Der beste Moment, einem anderen Regisseur über die Schulter zu schauen, ist wahrscheinlich, wenn man selbst zwei, drei Kurzfilme gemacht hat. Ich denke, dass viele junge Schweizer Regisseurinnen und Regisseure bei ihrem ersten langen Spielfilm keine Ahnung haben, wie ein Filmset einer internationalen Produktion aussehen kann. Einen Regisseur bei seiner Arbeit beobachten zu können, ist deshalb sehr wertvoll.
Mauro Mueller PA 2016 von Mark Raso auf KODAKCHROME (USA)
Gibt es etwas, das Sie zukünftigen Stipendiaten raten möchten?

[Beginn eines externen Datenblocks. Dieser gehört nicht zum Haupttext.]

(* For every $\gamma>0$, the matrix $\gamma 1$ is the unique strictly positive fixed point of the noncommutative Ricci flow having trace $n\gamma$; that is, if $c\in M_n$ is strictly positive with $\triangle\log c=0$ and $\tau(c)=n\gamma$, then $c=\gamma 1$.
   Context: Let $n\ge 2$, let $m\in\{1,\dots,n-1\}$ be relatively prime to $n$, and set $q=e^{2\pi i m/n}$. Let $M_n$ be the algebra of complex $n\times n$ matrices with identity $1$. Let $u=\mathrm{diag}(1,q,\dots,q^{n-1})$ and let $v$ be the cyclic shift matrix with $v_{j,j+1}=1$ for $j=1,\dots,n-1$, $v_{n,1}=1$, other entries $0$. Let $x,y$ be any Hermitian matrices with $u=e^{\frac{2\pi i}{n}x}$ and $v=e^{\frac{2\pi i}{n}y}$. Define $\delta_1(a)=[y,a]$, $\delta_2(a)=-[x,a]$ and $\triangle=\delta_1^2+\delta_2^2$ on $M_n$. $\tau$ is the usual trace; $\log$ of a strictly positive matrix is defined by functional calculus. The noncommutative Ricci flow is $\frac{d}{dt}c(t)=-\triangle\log c(t)$. *)

theory Defs
  imports Complex_Main "Jordan_Normal_Form.Schur_Decomposition"
begin

text \<open>Complex n x n matrices are Jordan_Normal_Form matrices in carrier_mat n n.
  Indices are 0-based: row/column j corresponds to j+1 in the paper.\<close>

definition cmat_trace :: "complex mat \<Rightarrow> complex" where
  "cmat_trace A = (\<Sum>i<dim_row A. A $$ (i, i))"

definition hermitian_mat :: "nat \<Rightarrow> complex mat \<Rightarrow> bool" where
  "hermitian_mat n A \<longleftrightarrow> A \<in> carrier_mat n n \<and> mat_adjoint A = A"

definition unitary_mat :: "nat \<Rightarrow> complex mat \<Rightarrow> bool" where
  "unitary_mat n U \<longleftrightarrow> U \<in> carrier_mat n n \<and> mat_adjoint U * U = 1\<^sub>m n"

definition funcalc :: "nat \<Rightarrow> (real \<Rightarrow> complex) \<Rightarrow> complex mat \<Rightarrow> complex mat" where
  "funcalc n f A = (THE B. \<exists>U (d :: nat \<Rightarrow> real). unitary_mat n U \<and>
      A = U * mat_diag n (\<lambda>i. complex_of_real (d i)) * mat_adjoint U \<and>
      B = U * mat_diag n (\<lambda>i. f (d i)) * mat_adjoint U)"

definition strictly_positive :: "nat \<Rightarrow> complex mat \<Rightarrow> bool" where
  "strictly_positive n c \<longleftrightarrow> hermitian_mat n c \<and>
     (\<forall>w \<in> carrier_vec n. w \<noteq> 0\<^sub>v n \<longrightarrow> 0 < Re ((c *\<^sub>v w) \<bullet>c w))"

definition mat_log :: "nat \<Rightarrow> complex mat \<Rightarrow> complex mat" where
  "mat_log n c = funcalc n (\<lambda>t. complex_of_real (ln t)) c"

definition clock_mat :: "nat \<Rightarrow> complex \<Rightarrow> complex mat" where
  "clock_mat n q = mat_diag n (\<lambda>j. q ^ j)"

definition shift_mat :: "nat \<Rightarrow> complex mat" where
  "shift_mat n = mat n n (\<lambda>(i, j). if j = (i + 1) mod n then 1 else 0)"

Ja, nämlich das Pflichtenheft vorher ganz genau zu studieren, um unangenehme Überraschungen zu vermeiden. Man muss sich auch die Empfehlungen des Teams zu Herzen nehmen und allfällige Konflikte sofort lösen – wenn nötig, indem man ein Gespräch verlangt. Nicht der PA macht den Film; man sollte sich also auf ungewohnte Arbeitsmethoden einlassen; so lernt man am meisten. Und: immer freundlich und bei Laune bleiben. So banal es auch klingt, mir hat das wirklich geholfen.
Adrien Kuenzy PA 2015 von Serge Bozon auf MADAME HYDE (FRA)
Die Interviews wurden geführt vom Koordinator von Personal Assistant, Denis Rabaglia
*Das Stipendium 2013 wurde Boris Kish zugesprochen; da der Film aber schliesslich nicht gedreht wurde, hat das Praktikum nicht stattfinden können.